#### [What this task involves]
Within the records below, find each line that holds the string "paper", then copy it.

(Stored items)
%%

(* Let $n\ge 4$ be even and consider the $[\![n,n-2,2]\!]$ code. Let $G = \tfrac{i}{\sqrt2}(X+Y)$. Let $V = G^{\otimes n}$ if $n \equiv 0 \pmod 4$ and $V = Z_n G^{\otimes n}$ if $n\equiv 2 \pmod 4$. Then $V$ preserves the code space, and, up to a logical Pauli operator and a global phase, acts on the code space as the product of logical $\mathrm{CZ}$ gates between every pair of distinct encoded qubits, $\prod_{1\le i<j\le n-2}\overline{\mathrm{CZ}}_{i,j}$.
   Context: For even $n$, the $[\![n,n-2,2]\!]$ code is the stabilizer code on $n$ qubits with stabilizer generators $X^{\otimes n}$ and $Z^{\otimes n}$, with logical operators $\bar X_j = X_1X_{j+1}$ and $\bar Z_j = Z_{j+1}Z_n$ for $j=1,\dots,n-2$. $\mathrm{CZ} = \mathbb 1 - 2|11\rangle\langle11|$. *)

theory Defs
  imports Complex_Main
begin

text \<open>Computational basis states of n qubits are
  bit lists of length n (entry k is qubit k+1 of the paper, i.e. qubits are
  numbered 0..n-1 here). A state is a function from bit lists to amplitudes
  (required to vanish off length-n lists); an operator is a matrix indexed by
  bit lists.\<close>

type_synonym gate1 = "bool \<Rightarrow> bool \<Rightarrow> complex"
type_synonym qop = "bool list \<Rightarrow> bool list \<Rightarrow> complex"
type_synonym qstate = "bool list \<Rightarrow> complex"

definition bits :: "nat \<Rightarrow> bool list set" where
  "bits n = {xs. length xs = n}"

text \<open>Single-qubit Paulis, matrix entries indexed (row, column), False = 0, True = 1.\<close>
definition pI :: gate1 where "pI a b = (if a = b then 1 else 0)"
definition pX :: gate1 where "pX a b = (if a \<noteq> b then 1 else 0)"
definition pY :: gate1 where
  "pY a b = (if a = b then 0 else if a then \<i> else - \<i>)"
definition pZ :: gate1 where "pZ a b = (if a = b then (if a then -1 else 1) else 0)"

definition gateG :: gate1 where
  "gateG a b = (\<i> / complex_of_real (sqrt 2)) * (pX a b + pY a b)"

definition tensor :: "nat \<Rightarrow> (nat \<Rightarrow> gate1) \<Rightarrow> qop" where
  "tensor n g = (\<lambda>xs ys. \<Prod>k<n. g k (xs ! k) (ys ! k))"

definition on_qubit :: "nat \<Rightarrow> nat \<Rightarrow> gate1 \<Rightarrow> qop" where
  "on_qubit n k g = tensor n (\<lambda>l. if l = k then g else pI)"

definition ident :: "nat \<Rightarrow> qop" where
  "ident n = tensor n (\<lambda>_. pI)"

definition mmul :: "nat \<Rightarrow> qop \<Rightarrow> qop \<Rightarrow> qop" where
  "mmul n A B = (\<lambda>xs zs. \<Sum>ys\<in>bits n. A xs ys * B ys zs)"

definition madd :: "qop \<Rightarrow> qop \<Rightarrow> qop" where
  "madd A B = (\<lambda>xs ys. A xs ys + B xs ys)"

definition mscale :: "complex \<Rightarrow> qop \<Rightarrow> qop" where
  "mscale c A = (\<lambda>xs ys. c * A xs ys)"

definition app :: "nat \<Rightarrow> qop \<Rightarrow> qstate \<Rightarrow> qstate" where
  "app n A \<psi> = (\<lambda>xs. if length xs = n then \<Sum>ys\<in>bits n. A xs ys * \<psi> ys else 0)"

text \<open>Product of a list of operators (in list order, leftmost applied last).\<close>
definition mprod_list :: "nat \<Rightarrow> qop list \<Rightarrow> qop" where
  "mprod_list n As = foldr (mmul n) As (ident n)"

definition code_space :: "nat \<Rightarrow> qstate set" where
  "code_space n = {\<psi>. (\<forall>xs. length xs \<noteq> n \<longrightarrow> \<psi> xs = 0)
      \<and> app n (tensor n (\<lambda>_. pX)) \<psi> = \<psi> \<and> app n (tensor n (\<lambda>_. pZ)) \<psi> = \<psi>}"

text \<open>Logical operators, j = 1..n-2: Xbar_j = X_1 X_{j+1}, Zbar_j = Z_{j+1} Z_n
  (paper's 1-based qubits 1, j+1, n are indices 0, j, n-1 here).\<close>
definition logX :: "nat \<Rightarrow> nat \<Rightarrow> qop" where
  "logX n j = tensor n (\<lambda>k. if k = 0 \<or> k = j then pX else pI)"
definition logZ :: "nat \<Rightarrow> nat \<Rightarrow> qop" where
  "logZ n j = tensor n (\<lambda>k. if k = j \<or> k = n - 1 then pZ else pI)"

%%

#### [Expected answer]
  bit lists of length n (entry k is qubit k+1 of the paper, i.e. qubits are
  (paper's 1-based qubits 1, j+1, n are indices 0, j, n-1 here).\<close>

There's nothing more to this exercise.